The post-2015 development agenda will have at its core the sustainable development goals (SDGs). The SDGs are a set of universal goals covering a range of sustainable development issues. The challenge for the international community will be to match this agenda with adequate means to implement it. This translates into large financing needs. In its report issued in August 2014, the Intergovernmental Committee of Experts on Sustainable Development Financing estimated the investment requirements in different sectors. More recently, a group of multilateral development banks and the IMF have coined the term 'from billions to trillions' to characterise the financing demand. Globally, they estimate that achieving the proposed SDGs will require US$ 135 billion in ODA, and nearly 1 trillion in philanthropy, remittances, South-South flows and other official assistance, and foreign direct investment that needs to be used effectively for the SDGs.

Post-2015 Development Agenda: New draft out for final negotiations
TWN: Info Service 28 July 2015

The Co-facilitators of the Post-2015 Development Agenda talks have released what could be the near-final version of the Post-2015 Development Agenda. This will set the stage for the final round of hectic negotiations at the United Nations headquarters in New York in end July.
The “Outcome Document for the UN Summit to Adopt the Post 2015 Development Agenda: Draft for Adoption” attempts to resolve some of the still remaining thorny issues. However, whether and how quickly the Member States agree to the final document remains to be seen. The document is likely to undergo some changes as negotiations continue, and the final document will be adopted when there is consensus among member states.

Public health, universal health coverage, and Sustainable Development Goals: can they coexist?
Schmidt H; Gostin L; Emanuel E: The Lancet, June 2015

The UN General Assembly is currently considering proposals for Sustainable Development Goals (SDGs). SDG 3, focusing on health, specifically includes universal health coverage (UHC) among its targets. The authors argue that while UHC is timely and important, its promotion also entails substantial risks. A narrow focus on UHC could emphasise expansion of access to health-care services over equitable improvement of health outcomes through action across all relevant sectors—especially public health interventions, needed to effectively address non-communicable diseases (NCDs).
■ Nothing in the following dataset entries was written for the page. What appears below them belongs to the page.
definition standard :: "nat \<Rightarrow> (('v::real_vector) \<times> 'v form) set \<Rightarrow> bool" where
  "standard k L \<longleftrightarrow> isotropic k L \<and> circ (Ann k (fst ` L)) = fst ` L"

definition higher_poisson ::
  "nat \<Rightarrow> ('v::real_vector) form set \<Rightarrow> ('v form \<Rightarrow> 'v) \<Rightarrow> bool" where
  "higher_poisson k S \<Lambda> \<longleftrightarrow> form_subspace k S \<and>
     (\<forall>a\<in>S. \<forall>b\<in>S. \<Lambda> (\<lambda>ys. a ys + b ys) = \<Lambda> a + \<Lambda> b) \<and>
     (\<forall>c::real. \<forall>a\<in>S. \<Lambda> (\<lambda>ys. c * a ys) = c *\<^sub>R \<Lambda> a) \<and>
     circ S = {0} \<and>
     (\<forall>\<alpha>\<in>S. \<forall>\<beta>\<in>S. contr (\<Lambda> \<alpha>) \<beta> = (\<lambda>ys. - contr (\<Lambda> \<beta>) \<alpha> ys))"

definition graph :: "('v::real_vector) form set \<Rightarrow> ('v form \<Rightarrow> 'v) \<Rightarrow> ('v \<times> 'v form) set" where
  "graph S \<Lambda> = {(\<Lambda> \<alpha>, \<alpha>) | \<alpha>. \<alpha> \<in> S}"

end

theory Submission
  imports Defs
begin

text \<open>Write \<open>E = \<Lambda>(S)\<close> and \<open>K = ker \<Lambda>\<close>. If \<open>(\<Lambda> a, a)\<close> are the elements of \<open>L\<close>, then \<open>L \<inter> V = {0}\<close>
  says exactly that \<open>a \<mapsto> \<Lambda> a\<close> is well defined, and isotropy of \<open>L\<close> is the skew condition
  on \<open>\<Lambda>\<close>. For the lagrangian part one computes the projection of \<open>L\<^sup>\<perp>\<close> to \<open>V\<close>: it is
  \<open>K\<^sup>\<circ>\<close>. The inclusion \<open>\<supseteq>\<close> is the heart of the matter: for \<open>X \<in> K\<^sup>\<circ>\<close> the map
  \<open>\<Lambda> a \<mapsto> -i\<^sub>X a\<close> is a well-defined linear map \<open>\<phi>\<close> from \<open>E\<close> to \<open>(k-1)\<close>-forms with
  \<open>i\<^sub>Y \<phi>(Y') = -i\<^sub>Y\<^sub>' \<phi>(Y)\<close>, and every such map is the contraction \<open>Y \<mapsto> i\<^sub>Y \<beta>\<close> of a
  \<open>k\<close>-form \<open>\<beta>\<close>; this is built along a basis of \<open>E\<close> by adding at each step \<open>g \<and> \<psi>\<close> for a linear
  functional \<open>g\<close> dual to the new basis vector. Hence \<open>L = L\<^sup>\<perp>\<close> forces \<open>Ann(E) = K\<close> and
  \<open>Ann(E)\<^sup>\<circ> = K\<^sup>\<circ> = E\<close>; conversely these two identities let one write any
  \<open>(X, \<beta>) \<in> L\<^sup>\<perp>\<close> as \<open>(\<Lambda> a, a)\<close>.\<close>

definition multilinear :: "('v::real_vector) form \<Rightarrow> bool" where
  "multilinear \<psi> \<longleftrightarrow> (\<forall>ys i. i < length ys \<longrightarrow> linear (\<lambda>x. \<psi> (ys[i := x])))"

definition alternating :: "('v::real_vector) form \<Rightarrow> bool" where
  "alternating \<psi> \<longleftrightarrow> (\<forall>ys i j. i < j \<and> j < length ys \<and> ys ! i = ys ! j \<longrightarrow> \<psi> ys = 0)"

lemma is_form_iff:
  "is_form k \<psi> \<longleftrightarrow> (\<forall>ys. length ys \<noteq> k \<longrightarrow> \<psi> ys = 0) \<and> multilinear \<psi> \<and> alternating \<psi>"
  unfolding is_form_def multilinear_def alternating_def by blast

lemma is_form_multilinear: "is_form k \<psi> \<Longrightarrow> multilinear \<psi>"
  by (simp add: is_form_iff)

lemma is_form_alternating: "is_form k \<psi> \<Longrightarrow> alternating \<psi>"
  by (simp add: is_form_iff)

lemma is_form_add: "is_form k a \<Longrightarrow> is_form k b \<Longrightarrow> is_form k (\<lambda>ys. a ys + b ys)"
  unfolding is_form_def by (auto simp: linear_iff algebra_simps)

lemma is_form_diff: "is_form k a \<Longrightarrow> is_form k b \<Longrightarrow> is_form k (\<lambda>ys. a ys - b ys)"
  unfolding is_form_def by (auto simp: linear_iff algebra_simps)

lemma is_form_uminus: "is_form k a \<Longrightarrow> is_form k (\<lambda>ys. - a ys)"
  unfolding is_form_def by (auto simp: linear_iff algebra_simps)

lemma is_form_zero: "is_form k (\<lambda>ys. 0)"
  unfolding is_form_def by (auto simp: linear_iff)

lemma multilinearD: "multilinear \<psi> \<Longrightarrow> i < length ys \<Longrightarrow> linear (\<lambda>x. \<psi> (ys[i := x]))"
  unfolding multilinear_def by blast

lemma multilinear_hd:
  assumes "multilinear \<psi>"
  shows "\<psi> ((a + b) # ys) = \<psi> (a # ys) + \<psi> (b # ys)" "\<psi> ((c *\<^sub>R a) # ys) = c * \<psi> (a # ys)"
proof -
  have "linear (\<lambda>x. \<psi> ((a # ys)[0 := x]))"
    using multilinearD[OF assms, of 0 "a # ys"] by simp
  then show "\<psi> ((a + b) # ys) = \<psi> (a # ys) + \<psi> (b # ys)" "\<psi> ((c *\<^sub>R a) # ys) = c * \<psi> (a # ys)"
    by (auto simp: linear_iff)
qed

lemma multilinear_add_second:
  assumes "multilinear \<psi>"
  shows "\<psi> (z # (a + b) # ys) = \<psi> (z # a # ys) + \<psi> (z # b # ys)"
proof -
  have "linear (\<lambda>x. \<psi> ((z # a # ys)[1 := x]))"
    using multilinearD[OF assms, of 1 "z # a # ys"] by simp
  then show ?thesis by (auto simp: linear_iff)
qed

lemma multilinear_contr:
  assumes "multilinear \<psi>"
  shows "multilinear (contr y \<psi>)"
  unfolding multilinear_def
proof (intro allI impI)
  fix ys :: "'a list" and i
  assume "i < length ys"
  then show "linear (\<lambda>x. contr y \<psi> (ys[i := x]))"
    using multilinearD[OF assms, of "Suc i" "y # ys"] by (simp add: contr_def)
qed

lemma alternating_contr: "alternating \<psi> \<Longrightarrow> alternating (contr y \<psi>)"
  unfolding alternating_def contr_def
proof (intro allI impI)
  fix ys :: "'a list" and i j
  assume alt: "\<forall>ys i j. i < j \<and> j < length ys \<and> ys ! i = ys ! j \<longrightarrow> \<psi> ys = 0"
    and "i < j \<and> j < length ys \<and> ys ! i = ys ! j"
  then show "\<psi> (y # ys) = 0" using alt[rule_format, of "Suc i" "Suc j" "y # ys"] by auto
qed

lemma is_form_contr: "is_form (Suc m) \<psi> \<Longrightarrow> is_form m (contr y \<psi>)"
  using multilinear_contr alternating_contr by (auto simp: is_form_iff contr_def)

lemma contr_zero_left: "multilinear \<psi> \<Longrightarrow> contr 0 \<psi> = (\<lambda>_. 0)"
  using multilinear_hd(2)[of \<psi> 0 0] by (simp add: contr_def)

lemma contr_add_left:
  "multilinear \<psi> \<Longrightarrow> contr (Y + c *\<^sub>R Z) \<psi> = (\<lambda>ys. contr Y \<psi> ys + c * contr Z \<psi> ys)"
  by (simp add: contr_def multilinear_hd)

lemma contr_contr_same: "alternating \<psi> \<Longrightarrow> contr y (contr y \<psi>) = (\<lambda>_. 0)"
  unfolding alternating_def contr_def
  by (auto intro!: ext) (metis One_nat_def length_Cons nth_Cons_0 nth_Cons_Suc zero_less_Suc Suc_less_eq)

lemma alternating_swap:
  assumes "multilinear \<psi>" "alternating \<psi>"
  shows "\<psi> (a # b # ys) = - \<psi> (b # a # ys)"
proof -
  have diag: "\<psi> (x # x # ys) = 0" for x
    using contr_contr_same[OF assms(2)] by (simp add: contr_def fun_eq_iff)
  have "0 = \<psi> ((a + b) # (a + b) # ys)" using diag by simp
  also have "\<dots> = \<psi> (a # a # ys) + \<psi> (a # b # ys) + \<psi> (b # a # ys) + \<psi> (b # b # ys)"
    using multilinear_hd(1)[OF assms(1)] multilinear_add_second[OF assms(1)] by simp
  finally show ?thesis using diag by simp
qed

lemma contr_commute:
  "multilinear \<psi> \<Longrightarrow> alternating \<psi> \<Longrightarrow> contr y (contr z \<psi>) = (\<lambda>ys. - contr z (contr y \<psi>) ys)"
  by (simp add: contr_def fun_eq_iff alternating_swap[of \<psi> z y])

lemma contr_add: "contr y (\<lambda>ys. a ys + b ys) = (\<lambda>ys. contr y a ys + contr y b ys)"
  by (simp add: contr_def)

lemma contr_diff: "contr y (\<lambda>ys. a ys - b ys) = (\<lambda>ys. contr y a ys - contr y b ys)"
  by (simp add: contr_def)

lemma contr_uminus: "contr y (\<lambda>ys. - a ys) = (\<lambda>ys. - contr y a ys)"
  by (simp add: contr_def)

lemma contr_zero: "contr y (\<lambda>ys. 0) = (\<lambda>ys. 0)"
  by (simp add: contr_def)

text \<open>\<open>wedge1 g \<psi>\<close> is \<open>g \<and> \<psi>\<close> for a linear functional \<open>g\<close>, defined by the Leibniz rule
  \<open>i\<^sub>y (g \<and> \<psi>) = g(y) \<psi> - g \<and> i\<^sub>y \<psi>\<close>.\<close>

primrec wedge1 :: "('v \<Rightarrow> real) \<Rightarrow> 'v form \<Rightarrow> 'v form" where
  "wedge1 g \<psi> [] = 0"
| "wedge1 g \<psi> (y # ys) = g y * \<psi> ys - wedge1 g (contr y \<psi>) ys"

lemma contr_wedge1: "contr y (wedge1 g \<psi>) = (\<lambda>ys. g y * \<psi> ys - wedge1 g (contr y \<psi>) ys)"
  by (simp add: contr_def)

lemma wedge1_zero: "wedge1 g (\<lambda>_. 0) ys = 0"
  by (induction ys) (simp_all add: contr_zero)

lemma wedge1_add: "wedge1 g (\<lambda>zs. a zs + b zs) ys = wedge1 g a ys + wedge1 g b ys"
  by (induction ys arbitrary: a b) (simp_all add: contr_add algebra_simps)

lemma wedge1_scale: "wedge1 g (\<lambda>zs. c * a zs) ys = c * wedge1 g a ys"
  by (induction ys arbitrary: a) (simp_all add: contr_def algebra_simps)

lemma wedge1_uminus: "wedge1 g (\<lambda>zs. - a zs) ys = - wedge1 g a ys"
  by (induction ys arbitrary: a) (simp_all add: contr_uminus algebra_simps)

lemma wedge1_degree:
  "(\<forall>zs. length zs \<noteq> m \<longrightarrow> \<psi> zs = 0) \<Longrightarrow> length ys \<noteq> Suc m \<Longrightarrow> wedge1 g \<psi> ys = 0"
proof (induction ys arbitrary: \<psi> m)
  case Nil
  then show ?case by simp
next
  case (Cons y ys)
  show ?case
  proof (cases m)
    case 0
    then have "contr y \<psi> = (\<lambda>_. 0)" using Cons.prems by (auto simp: contr_def)
    then show ?thesis using Cons.prems by (simp add: wedge1_zero)
  next
    case (Suc m')
    then have "wedge1 g (contr y \<psi>) ys = 0"
      using Cons.IH[of m' "contr y \<psi>"] Cons.prems by (auto simp: contr_def)
    then show ?thesis using Cons.prems by simp
  qed
qed

lemma multilinear_wedge1:
  assumes "linear g" "multilinear \<psi>"
  shows "multilinear (wedge1 g \<psi>)"
  unfolding multilinear_def
proof (intro allI impI)
  fix ys :: "'a list" and i
  show "i < length ys \<Longrightarrow> linear (\<lambda>x. wedge1 g \<psi> (ys[i := x]))"
    using assms(2)
  proof (induction ys arbitrary: \<psi> i)
    case Nil
    then show ?case by simp
  next
    case (Cons y ys)
    show ?case
    proof (cases i)
      case 0
      have "contr (x + x') \<psi> = (\<lambda>zs. contr x \<psi> zs + contr x' \<psi> zs)"
        and "contr (c *\<^sub>R x) \<psi> = (\<lambda>zs. c * contr x \<psi> zs)" for x x' c
        using multilinear_hd[OF Cons.prems(2)] by (simp_all add: contr_def)
      then show ?thesis using 0 assms(1)
        by (simp add: linear_iff wedge1_add wedge1_scale algebra_simps)
    next
      case (Suc j)
      have "linear (\<lambda>x. \<psi> (ys[j := x]))"
        using Cons.prems Suc unfolding multilinear_def by simp
      moreover have "linear (\<lambda>x. wedge1 g (contr y \<psi>) (ys[j := x]))"
        using Cons.IH[OF _ multilinear_contr[OF Cons.prems(2)]] Cons.prems(1) Suc by simp
      ultimately show ?thesis using Suc by (simp add: linear_iff algebra_simps)
    qed
  qed
qed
The challenge for policy makers is observed to be to not merely to improve clinical services, but to achieve equitable health outcome improvements through genuine integration of individual and population-level health promotion and preventative efforts with curative services. Future UHC evaluations should include assessments of the extent to which this integration is accomplished—with particular attention to the distribution of benefits across groups—and not, as major current work be limited to the clinical side.

SADC Gender Protocol 2015 Barometer: Botswana
Glenwright D; Botswana Council of NGOs: Botswana Council of NGOs, Gaberone, June 2015

Botswana has made good progress against the targets of the Southern African Development Community (SADC) Protocol on Gender and Development set for 2015, according to this report. However, President Ian Khama of the Republic of Botswana said that Botswana would not sign the SADC Gender Protocol because the government considers some its time frames unrealistic, and some of its measures to have serious resource implications that the state cannot guarantee. Progress is noted in the report on the health sector, with trained personnel delivering more than 90% of births and 84% of the population living within five kilometres of a quality health facility. However, the maternal mortality rate is noted to have increased and only 44% of the population access contraception. Although Botswana has one of the world's highest HIV prevalence more than 95% of HIV-positive pregnant women access the prevention of mother-to-child transmission programme. In spite of these achievements, this report also reveals obstacles for the country on the road to gender equality, including a failure to address contradictions between formal and customary laws, with the latter discriminating against women, especially widows and divorced women.